Jagged gives an edge to T_H1 cells

Credit: PHOTODISC

The complement and Notch systems have well-appreciated roles in innate immunity and immune cell development, respectively. A recent study in Nature Immunology suggests that crosstalk between these two systems also regulates adaptive T cell responses in humans.

a role for jagged–CD46 interactions in regulating human T_H1 cell responses

CD46 (also known as membrane cofactor protein) protects host cells from complement-mediated damage by binding to and promoting the inactivation of complement components C3b and C4b. There is also evidence that CD46 regulates the induction of T helper 1 (T_H1) cells in humans and their subsequent switching to an interferon-γ (IFNγ)⁺ and interleukin-10 (IL-10)⁺ phenotype and then to an IL-10⁺ regulatory phenotype. The authors suspected that an alternative ligand for CD46 may exist, which could explain these complex effects on T_H1 cell responses. Indeed, initial screens identified the Notch ligand jagged 1 as a ligand for CD46.

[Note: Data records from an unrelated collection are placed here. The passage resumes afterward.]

text \<open>The second factor is the inverse of the Gram matrix \<open>[[a, m], [m, a]]\<close>.\<close>

lemma is_pinv_two_rows:
  fixes x1 x2 :: "real vec"
  assumes x: "x1 \<in> carrier_vec n" "x2 \<in> carrier_vec n"
    and a: "x1 \<bullet> x1 = a" "x2 \<bullet> x2 = a" and m: "x1 \<bullet> x2 = m" and am: "a * a \<noteq> m * m"
  shows "is_pinv (mat_of_rows n [x1, x2])
           (transpose_mat (mat_of_rows n [x1, x2]) * mat 2 2 (\<lambda>(i, j). (if i = j then a else - m) / (a * a - m * m)))"
proof -
  define E where "E = mat_of_rows n [x1, x2]"
  define G :: "real mat" where "G = mat 2 2 (\<lambda>(i, j). (if i = j then a else - m) / (a * a - m * m))"
  have E: "E \<in> carrier_mat 2 n"
    using mat_of_rows_carrier(1)[of n "[x1, x2]"] unfolding E_def by (simp add: numeral_2_eq_2)
  have G: "G \<in> carrier_mat 2 2"
    unfolding G_def by simp
  have rows: "row E 0 = x1" "row E 1 = x2"
    unfolding E_def using x by simp_all
  have "x2 \<bullet> x1 = m"
    using comm_scalar_prod[OF x] m by simp
  then have gram: "E * transpose_mat E = mat 2 2 (\<lambda>(i, j). if i = j then a else m)"
    using E rows a m by (intro eq_matI) (auto simp: less_2_cases_iff)
  have "E * (transpose_mat E * G) = 1\<^sub>m 2"
  proof -
    have "E * (transpose_mat E * G) = E * transpose_mat E * G"
      using E G by (simp add: assoc_mult_mat')
    also have "\<dots> = 1\<^sub>m 2"
      using am unfolding gram G_def
      by (intro eq_matI) (auto simp: less_2_cases_iff scalar_prod_def row_def col_def numeral_2_eq_2
          add_divide_distrib[symmetric] diff_divide_distrib[symmetric])
    finally show ?thesis .
  qed
  moreover have "transpose_mat (transpose_mat E * G * E) = transpose_mat E * G * E"
  proof -
    have "transpose_mat G = G"
      unfolding G_def by (intro eq_matI) auto
    then show ?thesis
      using E G by (simp add: transpose_mult' assoc_mult_mat')
  qed
  ultimately show ?thesis
    unfolding E_def[symmetric] G_def[symmetric] using E G by (intro is_pinv_of_right_inverse) auto
qed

They next explored whether CD46–jagged 1 interactions influence T cell responses. Activation of human T cells with CD3- and CD46-specific antibodies in vitro led to their upregulation of Notch 1, Notch 2, jagged 1 and jagged 2, but caused the downregulation of the Notch ligand Delta-like 1 (DLL1) and of CD46 itself. The upregulation of these Notch proteins seems to be crucial for CD46-mediated control of T_H1 cell responses, as blocking Notch signalling pathways prevented CD46 from driving the upregulation of IFNγ by human T_H1 cells and their subsequent switching to an IFNγ⁺IL-10⁺ phenotype. Confocal microscopy studies showed that jagged 1 mainly colocalized with CD46 and not with Notch in resting T cells. However, following CD3- and CD46-mediated activation of T cells, ∼50% of Notch became associated with jagged 1. This suggests that the sequential engagement of CD46 and then Notch by jagged 1 regulates the upregulation of IFNγ by T_H1 cells and subsequent switching to dual IFNγ and IL-10 production.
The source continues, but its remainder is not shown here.